REPUBLIKA.CO.ID, JAKARTA -- Sejumlah pekerja asing asal Cina berdatangan dalam sejumlah proyek yang dibangun oleh pemerintah. Salah satunya adalah pekerja asal Cina yang datang di Kabupaten Konawe, Sulawesi Tenggara.
Pada H+2 Lebaran, pekan lalu, sekitar 50 pekerja asal Cina datang untuk terlibat dalam pembangunan pabrik dan smelter feronikel di Morosi, Konawe.
"Mereka sama sekali tidak bisa berbahasa Inggris, apalagi bahasa Indonesia. Mereka berjumlah sekitar 50 orang," kata Sosiolog asal Universitas Ibn Chaldun, Musni Umar, yang juga putra asli daerah Konawe, Jumat (15/7).
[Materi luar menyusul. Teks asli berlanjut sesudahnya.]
theorem lemma6p3:
  fixes act :: "real^('m::finite + 'n::finite)^('m + 'n) \<Rightarrow> 'y::{metric_space, second_countable_topology} \<Rightarrow> 'y"
    and a :: "'m \<Rightarrow> real" and b :: "'n \<Rightarrow> real"
    and Y' :: "'y set" and y :: 'y and p q :: real and x :: "real^'n^'m"
  assumes "\<forall>i. a i > 0" and "(\<Sum>i\<in>UNIV. a i) = 1"
    and "\<forall>j. b j > 0" and "(\<Sum>j\<in>UNIV. b j) = 1"
    and "locally compact (UNIV :: 'y set)"
    and "continuous_SL_action act"
    and "closed Y'" and "\<forall>g\<in>SLd. \<forall>z\<in>Y'. act g z \<in> Y'"
    and "0 < q" and "q < p" and "p \<le> 1"
    and "y \<notin> Y'"
    and "x \<in> Div act a b y Y' p"
  shows "\<forall>K t. compact K \<and> K \<subseteq> UNIV - Y' \<and> t > 1 \<longrightarrow>
     (\<exists>N::nat. \<forall>M::nat. M > N \<longrightarrow>
        real (card {l\<in>{1..M}. act (matpow (gflow a b t) l ** umat x) y \<notin> K}) / real M \<ge> q)"
proof (intro allI impI, elim conjE)
  fix K and t :: real
  assume K: "compact K" "K \<subseteq> UNIV - Y'" and t: "t > 1"
  define K' where "K' = gflow_sweep act a b (ln t) K"
  define A where "A T = (LBINT s=0..T. indicator (UNIV - K') (act (gflow a b (exp s) ** umat x) y) :: real)"
    for T :: real
  define C where "C M = real (card {l\<in>{1..M}. act (matpow (gflow a b t) l ** umat x) y \<notin> K})"
    for M
  have "compact K'" "K' \<subseteq> UNIV - Y'"
    unfolding K'_def using assms(2,4,6,8) K by (simp_all add: compact_gflow_sweep gflow_sweep_avoids_invariant)
  then have "ereal p \<le> Liminf at_top (\<lambda>T. ereal ((1 / T) * A T))"
    using assms(13) by (simp add: Div_def A_def)
  moreover have "ereal ((p + q) / 2) < ereal p"
    using assms(10) by simp
  ultimately have "ereal ((p + q) / 2) < Liminf at_top (\<lambda>T. ereal ((1 / T) * A T))"
    by (rule less_le_trans[rotated])
  then have "\<forall>\<^sub>F T in at_top. (p + q) / 2 < (1 / T) * A T"
    by (auto dest: less_LiminfD)
  moreover have "A ((real M + 1) * ln t) \<le> ln t * (1 + C M)" for M
  proof -
    have "A ((real M + 1) * ln t)
        \<le> ln t * (\<Sum>l\<le>M. indicator (UNIV - K) (act (matpow (gflow a b t) l ** umat x) y))"
      unfolding A_def K'_def by (rule time_outside_gflow_sweep_le[OF assms(6,2,4) t umat_in_SLd])
    also have "\<dots> \<le> ln t * (1 + C M)"
      unfolding C_def using t by (intro mult_left_mono sum_indicator_le_one_plus_card) simp
    finally show ?thesis .
  qed
  ultimately have "\<forall>\<^sub>F M in sequentially. q \<le> C M / real M"
    using t assms(9,10) by (intro eventually_frequency_ge[where r = "(p + q) / 2" and \<tau> = "ln t"]) auto
  then show "\<exists>N. \<forall>M>N. q \<le> real (card {l \<in> {1..M}. act (matpow (gflow a b t) l ** umat x) y \<notin> K}) / real M"
    unfolding eventually_sequentially C_def by (meson less_imp_le)
qed

end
Namun, kedatangan para pekerja asing ini sempat menimbulkan pro-kontra di masyarakat. Hal ini lantaran kedatangan pekerja asing itu dianggap menutup kesempatan kerja kepada warga setempat. Tidak hanya itu, pembangunan smelter di Morosi itu juga dianggap tidak memberdayakan masyarakat secara langsung.
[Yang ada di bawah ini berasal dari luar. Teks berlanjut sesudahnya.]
(* Let $d>d_{\min}$, $n\in\mathbb{N}_+$, $\epsilon\in[0,1]$, and let $\mathcal{S}$ be any $(n,d,\epsilon,\mathcal{A})$ sampling (the case $k=1$). Let $(W,T,H)$ have joint law $P^{\mathcal{A}}_{H|T}P^{\mathcal{S}}_{T|W}P_W$. Then $$\epsilon \;\ge\; \sup_{\gamma\ge 0}\Big\{\mathbb{P}\big[\jmath_W(W,H,d,\mathcal{A})\ge bn+\gamma\big]-e^{-\gamma}\Big\}.$$
   Context: Framework. $\mathcal{W}$ is a countable set and $W\sim P_W$ on $\mathcal{W}$. For $k\in\mathbb{N}_+$, $W^k=(W_1,\dots,W_k)$ has i.i.d. components with law $P_W$. $\mathcal{H}$ is a countable set of hypotheses. Each training sample is described by a fixed number $b\in\mathbb{N}_+$ of bits. $\mathcal{T}_n$ denotes the set of all training datasets of size $n$, and $|\mathcal{T}_n|=2^{bn}$. A sampling strategy $\mathcal{S}$ is a Markov kernel $P^{\mathcal{S}}_{T|W^k}$ from $\mathcal{W}^k$ to training datasets. A randomized learning algorithm $\mathcal{A}$ is a fixed Markov kernel $P^{\mathcal{A}}_{H|T}$ from training datasets to $\mathcal{H}$. The hypothesis is $H=\mathcal{A}(\mathcal{S}(W^k))$, so that $W^k\to T\to H$ is a Markov chain. The distortion $\mathsf{d}:\mathcal{W}\times\mathcal{H}\to[0,\infty)$ is bounded (Assumption (I)), and $\mathsf{d}(w^k;h):=\frac1k\sum_{i=1}^k\mathsf{d}(w_i;h)$. All logarithms are natural. $(k,n,d,\epsilon,\mathcal{A})$ sampling: a sampling strategy $\mathcal{S}$ such that $|\mathcal{S}(W^k)|=n$ almost surely and $\mathbb{P}[\mathsf{d}(W^k;\mathcal{A}(\mathcal{S}(W^k)))>d]\le\epsilon$. For $k=1$ it is called an $(n,d,\epsilon,\mathcal{A})$ sampling. Rate-distortion quantity (for $k=1$): $$\mathbb{R}_W(d,\mathcal{A}):=\inf_{P^{\mathcal{S}}_{T|W}:\ \mathbb{E}_{P^{\mathcal{A}}_{H|T}P^{\mathcal{S}}_{T|W}P_W}[\mathsf{d}(W;H)]\le d}\ \mathbb{I}(W;H).$$ $d_{\min}:=\inf\{d:\mathbb{R}_W(d,\mathcal{A})<\infty\}$ is assumed to exist and be finite (Assumption (II)). Assumption (III): there is an optimal sampling strategy $\mathcal{S}^*$, with kernel $P^{\mathcal{S}^*}_{T|W}$, attaining the infimum and satisfying $\mathbb{E}[\mathsf{d}(W;\mathcal{A}(\mathcal{S}^*(W)))]=d$. $H^{\mathcal{S}^*}_{\mathcal{A}}$ denotes the hypothesis with joint law $P^{\mathcal{A},\mathcal{S}^*}_{H|W}P_W$, where $P^{\mathcal{A},\mathcal{S}^*}_{H|W}(h|w)=\sum_t P^{\mathcal{A}}_{H|T}(h|t)P^{\mathcal{S}^*}_{T|W}(t|w)$. Information density: $\iota_{W;H^{\mathcal{S}^*}_{\mathcal{A}}}(w;h):=\log\frac{\mathrm{d}P_{WH}}{\mathrm{d}(P_W\times P_H)}(w,h)$, computed under this joint law. $\lambda^*_{\mathcal{A}}(d):=-\frac{\mathrm{d}\mathbb{R}_W(d,\mathcal{A})}{\mathrm{d}d}>0$. The $\mathcal{A}$-specified $d$-tilted information is $$\jmath_W(w,h,d,\mathcal{A}):=\iota_{W;H^{\mathcal{S}^*}_{\mathcal{A}}}(w;h)+\lambda^*_{\mathcal{A}}(d)\big(\mathsf{d}(w;h)-d\big).$$ *)

theory Defs
  imports "HOL-Probability.Probability"
begin

text \<open>Training samples are bit strings of length b; a training dataset is a list of samples.\<close>

definition datasets :: "nat \<Rightarrow> nat \<Rightarrow> bool list list set" where
  "datasets b n = {t. length t = n \<and> (\<forall>x\<in>set t. length x = b)}"

definition all_datasets :: "nat \<Rightarrow> bool list list set" where
  "all_datasets b = {t. \<forall>x\<in>set t. length x = b}"

definition joint :: "'w pmf \<Rightarrow> ('w \<Rightarrow> 't pmf) \<Rightarrow> ('t \<Rightarrow> 'h pmf) \<Rightarrow> ('w \<times> 'h) pmf" where
  "joint PW S A = bind_pmf PW (\<lambda>w. bind_pmf (S w) (\<lambda>t. map_pmf (\<lambda>h. (w, h)) (A t)))"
Menurut Musni, pemerintah pusat memang harus turun tangan terkait kedatangan para pekerja Cina tersebut di Konawe. Pelibatan itu, menurut Musni, pemerintah pusat mempersiapkan Sumber Daya Alam (SDA) di daerah. ''Sehingga nantinya ada transfer of technology,'' ujar Musni saat dihubungi Republika.co.id, Jumat (15/7).
Selain itu, jika nantinya ada kesulitan bagi putra-putra daerah untuk mengikuti pendidikan formal, maka pemerintah harus bisa memaksimalkan Badan Latihan Kerja (BLK) di daerah. ''Harus ada BLK, supaya orang-orang di daerah itu bisa diberi pelatihan,'' tuturnya.
Selain itu, manfaat yang bisa diberikan oleh perusahaan tersebut adalah dengan memberikan beasiswa terhadap anak-anak daerah. Spesifikasi pemberian beasiswa terhadap anak-anak di derah itu disesuaikan dengan yang dibutuhkan pabrik-pabrik tersebut. '
'Jadi memang pemerintah harus turun tangan, tidak boleh membiarkan keadaan itu. Jangan seolah-olah tidak ada masalah. Padahal, di bawah ada masalah,'' kata Musni.